(* Let $G=(U\cup W,E)$ be a connected bipartite graph with bipartition $U,W$ and $|U|<|W|$. Then the following are equivalent: (i) $G$ is an edge-stable equimatchable graph; (ii) every vertex of $U$ is square-strong; (iii) for every $u\in U$ there exists a nonempty set $S\subseteq N(u)$ such that $|N(S)|\le |S|-1$.
   Context: All graphs are finite and simple. A graph is equimatchable if all its maximal matchings have the same cardinality; an equimatchable graph $G$ is edge-stable if $G\setminus e$ (delete edge $e$, keep vertices) is equimatchable for every $e\in E(G)$. A vertex $v$ of a graph $G$ is strong if every maximal matching of $G$ saturates $v$ (i.e. $v$ is an endpoint of an edge of the matching). A strong vertex $v$ is square-strong if for every $u\in N(v)$, $v$ is strong in $G-u$. $N(u)$ is the neighborhood of $u$, and for a set $S$, $N(S)$ is the union of the neighborhoods of vertices of $S$. *)

theory Defs
  imports Main
begin

definition simple_graph :: "'a set \<Rightarrow> 'a set set \<Rightarrow> bool" where
  "simple_graph V E \<longleftrightarrow> finite V \<and> (\<forall>e\<in>E. e \<subseteq> V \<and> card e = 2)"

definition connected_graph :: "'a set \<Rightarrow> 'a set set \<Rightarrow> bool" where
  "connected_graph V E \<longleftrightarrow> V \<noteq> {} \<and>
     (\<forall>x\<in>V. \<forall>y\<in>V. (x, y) \<in> {(a, b). {a, b} \<in> E}\<^sup>*)"

definition bipartition :: "'a set \<Rightarrow> 'a set set \<Rightarrow> 'a set \<Rightarrow> 'a set \<Rightarrow> bool" where
  "bipartition V E U W \<longleftrightarrow> U \<inter> W = {} \<and> U \<union> W = V \<and>
     (\<forall>e\<in>E. \<exists>u\<in>U. \<exists>w\<in>W. e = {u, w})"

definition matching :: "'a set set \<Rightarrow> 'a set set \<Rightarrow> bool" where
  "matching E M \<longleftrightarrow> M \<subseteq> E \<and> (\<forall>e\<in>M. \<forall>f\<in>M. e \<noteq> f \<longrightarrow> e \<inter> f = {})"

definition maximal_matching :: "'a set set \<Rightarrow> 'a set set \<Rightarrow> bool" where
  "maximal_matching E M \<longleftrightarrow> matching E M \<and> (\<forall>e\<in>E - M. \<not> matching E (insert e M))"

definition equimatchable :: "'a set set \<Rightarrow> bool" where
  "equimatchable E \<longleftrightarrow>
     (\<forall>M M'. maximal_matching E M \<and> maximal_matching E M' \<longrightarrow> card M = card M')"

text \<open>Edge deletion keeps all vertices; matchings only depend on the edge set.\<close>
definition edge_stable_equimatchable :: "'a set set \<Rightarrow> bool" where
  "edge_stable_equimatchable E \<longleftrightarrow> equimatchable E \<and> (\<forall>e\<in>E. equimatchable (E - {e}))"

definition strong_vertex :: "'a set set \<Rightarrow> 'a \<Rightarrow> bool" where
  "strong_vertex E v \<longleftrightarrow> (\<forall>M. maximal_matching E M \<longrightarrow> v \<in> \<Union>M)"

definition delete_vertex :: "'a set set \<Rightarrow> 'a \<Rightarrow> 'a set set" where
  "delete_vertex E u = {e\<in>E. u \<notin> e}"

definition nbhd :: "'a set set \<Rightarrow> 'a \<Rightarrow> 'a set" where
  "nbhd E u = {w. {u, w} \<in> E}"

definition nbhd_set :: "'a set set \<Rightarrow> 'a set \<Rightarrow> 'a set" where
  "nbhd_set E S = (\<Union>u\<in>S. nbhd E u)"

definition square_strong :: "'a set set \<Rightarrow> 'a \<Rightarrow> bool" where
  "square_strong E v \<longleftrightarrow> strong_vertex E v \<and>
     (\<forall>u\<in>nbhd E v. strong_vertex (delete_vertex E u) v)"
------
▶ HOW TO COMPLETE THIS TASK
Among the records, find the lines that contain "longleftrightarrow" and copy each of them.

▶ ANSWER SECTION
  "simple_graph V E \<longleftrightarrow> finite V \<and> (\<forall>e\<in>E. e \<subseteq> V \<and> card e = 2)"
  "connected_graph V E \<longleftrightarrow> V \<noteq> {} \<and>
  "bipartition V E U W \<longleftrightarrow> U \<inter> W = {} \<and> U \<union> W = V \<and>
  "matching E M \<longleftrightarrow> M \<subseteq> E \<and> (\<forall>e\<in>M. \<forall>f\<in>M. e \<noteq> f \<longrightarrow> e \<inter> f = {})"
  "maximal_matching E M \<longleftrightarrow> matching E M \<and> (\<forall>e\<in>E - M. \<not> matching E (insert e M))"
  "equimatchable E \<longleftrightarrow>
  "edge_stable_equimatchable E \<longleftrightarrow> equimatchable E \<and> (\<forall>e\<in>E. equimatchable (E - {e}))"
  "strong_vertex E v \<longleftrightarrow> (\<forall>M. maximal_matching E M \<longrightarrow> v \<in> \<Union>M)"
  "square_strong E v \<longleftrightarrow> strong_vertex E v \<and>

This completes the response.